# I'm too sensitive?



## username2012 (Oct 10, 2012)

I'm reasonably lucky to have very sensitive nipples, which is great during sex. I love to have my husband play with them, it's almost as good as him touching me *elsewhere*.

The problem is that he likes to play with them other times too, like when we are just getting into bed to go to sleep. He's not trying to initiate sex, he just likes to play with them a little bit. The problem is that they are SO sensitive that unless I can relax and enjoy the attention (i.e. during sex), I really don't want them to be touched. It is very distracting when I really just want to lay down, cuddle, relax and go to sleep. When he's playing with them, I can't relax and it gets a little annoying/irritating.

I've tried explaining this to him but he thinks it's just a cute joke between us now, him trying to touch them and me pulling away. It was cute at first but I'm starting to dread going near him in my nightie because he'll try to grab at me when all I want to do is reach over him to turn the light off and go to sleep.

FYI - Our sex life is fine. He have sex 2-3 times a week and he has said that the frequency is fine. I've asked him straight out if he is trying to initiate sex when he grabs me and he says no, he just likes to play with my nipples for fun.

How do I nicely tell him to keep his hands off? I don't want him to not cuddle or caress me other places (my back, my arm, etc) and I don't want him to stop playing with them during sex. I don't know how to describe the feeling of it being too sensitive. It's almost like being tickled. It can be fun and enjoyable sometimes but only in the right circumstance and not all the time. Then it gets annoying. KWIM?


----------



## rj700 (Jun 22, 2012)

Full disclosure first - I tend to side with your H here at least from the standpoint of liking to play with them.


> I've tried explaining this to him but he thinks it's just a cute joke between us now, him trying to touch them and me pulling away. It was cute at first but


You established a pattern of behavior. It was fun, cute. So how do you change that without some hurt feelings? My W will flash me, let me play well before bedtime, mornings, afternoon, whatever. This isn't everyday, but it is her way of giving me what I enjoy, but on her schedule.

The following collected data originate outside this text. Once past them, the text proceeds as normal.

lemma moment_pair_consts:
  assumes "i \<noteq> j" "p \<noteq> q"
  shows "moment i i j j = moment p p q q"
    and "moment i j j i = moment p q q p"
    and "moment i j i j = moment p q p q"
  using assms
  by (auto intro!: transposition_invariant_const_off_diag[where g = "\<lambda>i j. moment i i j j"]
      transposition_invariant_const_off_diag[where g = "\<lambda>i j. moment i j j i"]
      transposition_invariant_const_off_diag[where g = "\<lambda>i j. moment i j i j"] moment_transposition)

lemma moment_rot45:
  assumes pq: "p \<noteq> q"
  shows "moment p p p p = moment p p q q + moment p q q p + moment p q p q"
proof -
  let ?x = "\<lambda>U. rot_proj U $ p $ p - rot_proj U $ p $ q - rot_proj U $ q $ p + rot_proj U $ q $ q"
  have "moment p p p p = (\<integral>U. ?x U * ?x U / 4 \<partial>M)"
    unfolding moment_unitary_conj[OF rot45_mat_unitary[OF pq]] rot45_mat_conj_diag[OF pq]
    by (simp add: field_simps)
  also have "\<dots> = (moment p p p p + moment p p q q + moment p q q p + moment p q p q) / 2"
    using pq pq[symmetric]
    by (simp add: algebra_simps moment_def[symmetric] moment_eq_0_unpaired moment_diag_const[of q p]
        moment_pair_consts[of q p p q])
  finally show ?thesis
    by (simp add: field_simps)
qed

lemma rot_proj_idempotent:
  assumes "U \<in> unitary_grp cj"
  shows "rot_proj U ** rot_proj U = rot_proj U"
proof -
  have "rot_proj U ** rot_proj U = U ** (P ** (adj cj U ** U) ** P) ** adj cj U"
    by (simp add: rot_proj_def matrix_mul_assoc)
  also have "\<dots> = rot_proj U"
    by (simp add: adj_mult_unitary[OF assms] P_idempotent rot_proj_def)
  finally show ?thesis .
qed

lemma trace_rot_proj:
  assumes "U \<in> unitary_grp cj"
  shows "trace (rot_proj U) = of_nat (rank P)"
proof -
  have "trace (rot_proj U) = trace (adj cj U ** (U ** P))"
    unfolding rot_proj_def by (rule trace_mul_sym)
  also have "\<dots> = trace P"
    by (simp add: matrix_mul_assoc adj_mult_unitary[OF assms])
  finally show ?thesis
    using trace_idempotent_eq_rank[OF P_idempotent] by simp
qed

lemma adj_rot_proj: "adj cj (rot_proj U) = rot_proj U"
  by (simp add: rot_proj_def adj_mult adj_P matrix_mul_assoc)

lemma sum_mean: "(\<Sum>i\<in>UNIV. mean i) = of_nat (rank P)"
proof -
  have "(\<Sum>i\<in>UNIV. mean i) = (\<integral>U. (\<Sum>i\<in>UNIV. rot_proj U $ i $ i) \<partial>M)"
    by (simp add: mean_def)
  also have "\<dots> = (\<integral>U. of_nat (rank P) \<partial>M)"
    using trace_rot_proj by (intro integral_cong_unitary continuous_intros) (simp_all add: trace_def)
  also have "\<dots> = of_nat (rank P)"
    using prob_space.prob_space[OF prob_space_M] by simp
  finally show ?thesis .
qed

lemma mean_eq: "mean i = of_nat (rank P) / of_nat CARD('n)"
proof -
  have "mean j = mean i" for j
    by (rule transposition_invariant_const[where h = mean]) (rule mean_transposition)
  then have "(\<Sum>j\<in>UNIV. mean j) = of_nat CARD('n) * mean i"
    by (metis (no_types) sum_constant sum.cong)
  then show ?thesis
    using sum_mean by (simp add: eq_divide_eq mult.commute)
qed

lemma sum_moment_trace: "(\<Sum>s\<in>UNIV. moment r r s s) = of_nat (rank P) * mean r"
proof -
  have "(\<Sum>s\<in>UNIV. moment r r s s)
      = (\<integral>U. rot_proj U $ r $ r * (\<Sum>s\<in>UNIV. rot_proj U $ s $ s) \<partial>M)"
    by (simp add: moment_def sum_distrib_left)
  also have "\<dots> = (\<integral>U. of_nat (rank P) * rot_proj U $ r $ r \<partial>M)"
    using trace_rot_proj by (intro integral_cong_unitary continuous_intros) (simp_all add: trace_def)
  also have "\<dots> = of_nat (rank P) * mean r"
    unfolding mean_def by (rule integral_mult_right_zero)
  finally show ?thesis .
qed

lemma sum_moment_square: "(\<Sum>s\<in>UNIV. moment r s s r) = mean r"
proof -
  have "(\<Sum>s\<in>UNIV. moment r s s r)
      = (\<integral>U. (\<Sum>s\<in>UNIV. rot_proj U $ r $ s * rot_proj U $ s $ r) \<partial>M)"
    by (simp add: moment_def)
  also have "\<dots> = mean r"
    unfolding mean_def using rot_proj_idempotent
    by (intro integral_cong_unitary continuous_intros) (simp_all add: matrix_matrix_mult_def vec_eq_iff)
  finally show ?thesis .
qed

lemma moment_flip_real:
  assumes "\<And>x. cj x = x"
  shows "moment i j i j = moment i j j i"
proof -
  have "rot_proj U $ j $ i = rot_proj U $ i $ j" for U
    using arg_cong[OF adj_rot_proj, of "\<lambda>A. A $ i $ j"] by (simp add: adj_def assms)
  then show ?thesis
    by (simp add: moment_def)
qed

lemma moment_flip_complex:
  assumes "w * cj w = 1" "w * w = -1" and "p \<noteq> q"
  shows "moment p q p q = 0"
proof -
  define d where "d x = (if x = p then w else 1)" for x
  have "d x * cj (d x) = 1" for x
    using assms by (simp add: d_def)
  then have "moment p q p q = w * w * moment p q p q"
    using moment_diag_conj[of d p q p q] \<open>p \<noteq> q\<close> by (simp add: d_def mult_ac)
  then show ?thesis
    using assms by simp
qed

lemma moment_pattern:
  assumes pq: "p \<noteq> q"
  shows "moment i j k l = of_bool (i = j \<and> k = l) * moment p p q q
     + of_bool (i = l \<and> j = k) * moment p q q p + of_bool (i = k \<and> j = l) * moment p q p q"
proof -
  consider (diag) "i = j" "j = k" "k = l" | (B1) "i = j" "k = l" "i \<noteq> k"
    | (B2) "i = l" "j = k" "i \<noteq> j" | (C) "i = k" "j = l" "i \<noteq> j"
    | (unpaired) "\<not> (i = j \<and> k = l)" "\<not> (i = l \<and> j = k)" "\<not> (i = k \<and> j = l)"
    by blast
  then show ?thesis
  proof cases
    case diag
    then show ?thesis
      using moment_diag_const[of i p] moment_rot45[OF pq] by simp
  next
    case B1
    then show ?thesis
      using moment_pair_consts(1)[OF \<open>i \<noteq> k\<close> pq] by simp
  next
    case B2
    then show ?thesis
      using moment_pair_consts(2)[OF \<open>i \<noteq> j\<close> pq] by simp
  next
    case C
    then show ?thesis
      using moment_pair_consts(3)[OF \<open>i \<noteq> j\<close> pq] by simp
  next
    case unpaired
    then show ?thesis
      by (simp only: moment_eq_0_unpaired[OF unpaired] of_bool_eq(1) simp_thms mult_zero_left add_0)
  qed
qed

lemma moment_flip_index:
  assumes "conj_index \<kappa>" "p \<noteq> q"
  shows "moment p q p q = of_real \<kappa> * moment p q q p"
  using assms moment_flip_real moment_flip_complex unfolding conj_index_def by auto

lemma moment_pair_values:
  assumes pq: "p \<noteq> q" and \<kappa>: "conj_index \<kappa>"
    and b: "b = 1 / (real CARD('n) * (real CARD('n) + 1 + \<kappa>))"
  shows "moment p q q p = of_real (coh_lambda CARD('n) (rank P) * b)"
    and "moment p p q q = of_real (coh_lambda CARD('n) (rank P) * b + coh_mu CARD('n) (rank P))"
proof -
  define m :: real where "m = real CARD('n)"
  define t :: real where "t = real (rank P)"
  define B1 B2 C where "B1 = moment p p q q" and "B2 = moment p q q p" and "C = moment p q p q"
  have pattern: "moment i j k l = of_bool (i = j \<and> k = l) * B1
     + of_bool (i = l \<and> j = k) * B2 + of_bool (i = k \<and> j = l) * C" for i j k l
    unfolding B1_def B2_def C_def by (rule moment_pattern[OF pq])
  have C_B2: "C = of_real \<kappa> * B2"
    unfolding B2_def C_def by (rule moment_flip_index[OF \<kappa> pq])
  have "card {p, q} \<le> CARD('n)"
    by (rule card_mono) auto
  then have "m \<ge> 2"
    using pq by (simp add: m_def)
  moreover have "\<kappa> \<ge> 0"
    using \<kappa> by (auto simp: conj_index_def)
  ultimately have "m \<noteq> 0" "m - 1 \<noteq> 0" "m + 1 + \<kappa> \<noteq> 0"
    by auto
  then have nz: "(of_real m :: 'a) \<noteq> 0" "(of_real m - 1 :: 'a) \<noteq> 0"
    "(of_real m + 1 + of_real \<kappa> :: 'a) \<noteq> 0"
    by (metis of_real_eq_0_iff of_real_1 of_real_diff of_real_add)+
  have "(\<Sum>s\<in>UNIV. moment p p s s) = of_real m * B1 + B2 + C"
    by (simp add: pattern sum.distrib m_def)
  then have eq1: "of_real m * B1 + B2 + of_real \<kappa> * B2 = of_real t * (of_real t / of_real m)"
    using sum_moment_trace[of p] mean_eq by (simp add: C_B2 m_def t_def)
  have "(\<Sum>s\<in>UNIV. moment p s s p) = B1 + of_real m * B2 + C"
    by (simp add: pattern sum.distrib m_def eq_commute[of _ p])
  then have eq2: "B1 + of_real m * B2 + of_real \<kappa> * B2 = of_real t / of_real m"
    using sum_moment_square[of p] mean_eq by (simp add: C_B2 m_def t_def)
  note sol = moment_system_solution[OF nz eq1 eq2]
  have B2: "B2 = of_real (coh_lambda CARD('n) (rank P) * b)"
    using sol(1) by (simp add: coh_lambda_def b m_def t_def)
  then show "moment p q q p = of_real (coh_lambda CARD('n) (rank P) * b)"
    by (simp only: B2_def)
  show "moment p p q q = of_real (coh_lambda CARD('n) (rank P) * b + coh_mu CARD('n) (rank P))"
    using sol(2) by (simp add: B1_def[symmetric] B2 coh_mu_def m_def t_def)
qed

Her other "weapon" is I'm very ticklish, so she wins the "play" battle that way. If he's not ticklish, squeeze his nuts, that's a sensitivity any guy understands so perhaps he could relate.


----------



## RandomDude (Dec 18, 2010)

Suck it up until he gets bored because quite frankly he's probably doing it because he gets a reaction from you.


----------



## livnlearn (Mar 5, 2012)

username2012 said:


> I'm reasonably lucky to have very sensitive nipples, which is great during sex. I love to have my husband play with them, it's almost as good as him touching me *elsewhere*.
> 
> The problem is that he likes to play with them other times too, like when we are just getting into bed to go to sleep. He's not trying to initiate sex, he just likes to play with them a little bit. The problem is that they are SO sensitive that unless I can relax and enjoy the attention (i.e. during sex), I really don't want them to be touched. It is very distracting when I really just want to lay down, cuddle, relax and go to sleep. When he's playing with them, I can't relax and it gets a little annoying/irritating.
> 
> I've tried explaining this to him but he thinks it's just a cute joke between us now, him trying to touch them and me pulling away. It was cute at first but I'm starting to dread going near him in my nightie because he'll try to grab at me when all I want to do is reach over him to turn the light off and go to sleep.


 I'd just tell my husband it was annoying, and if he didn't stop I'd wear a sports bra to bed on those nights. :smthumbup: seriously.


----------



## heavensangel (Feb 12, 2012)

Starting twisting his in return.......


----------



## CanadianGuy (Jun 17, 2012)

Put some mouse traps on them.


----------



## 40isthenew20 (Jul 12, 2012)

My wife hates when I touch her in any sexual area unless we're making love or in the process. Even when she takes care of me on the nights she's not in the mood, I get my hand pushed away. Cuddling and groping are two different things and we as Neanderthal men have a hard time differentiating.


----------



## wiigirl (Jun 14, 2012)

CanadianGuy said:


> Put some mouse traps on them.


Lmao... 








_Posted via Mobile Device_


----------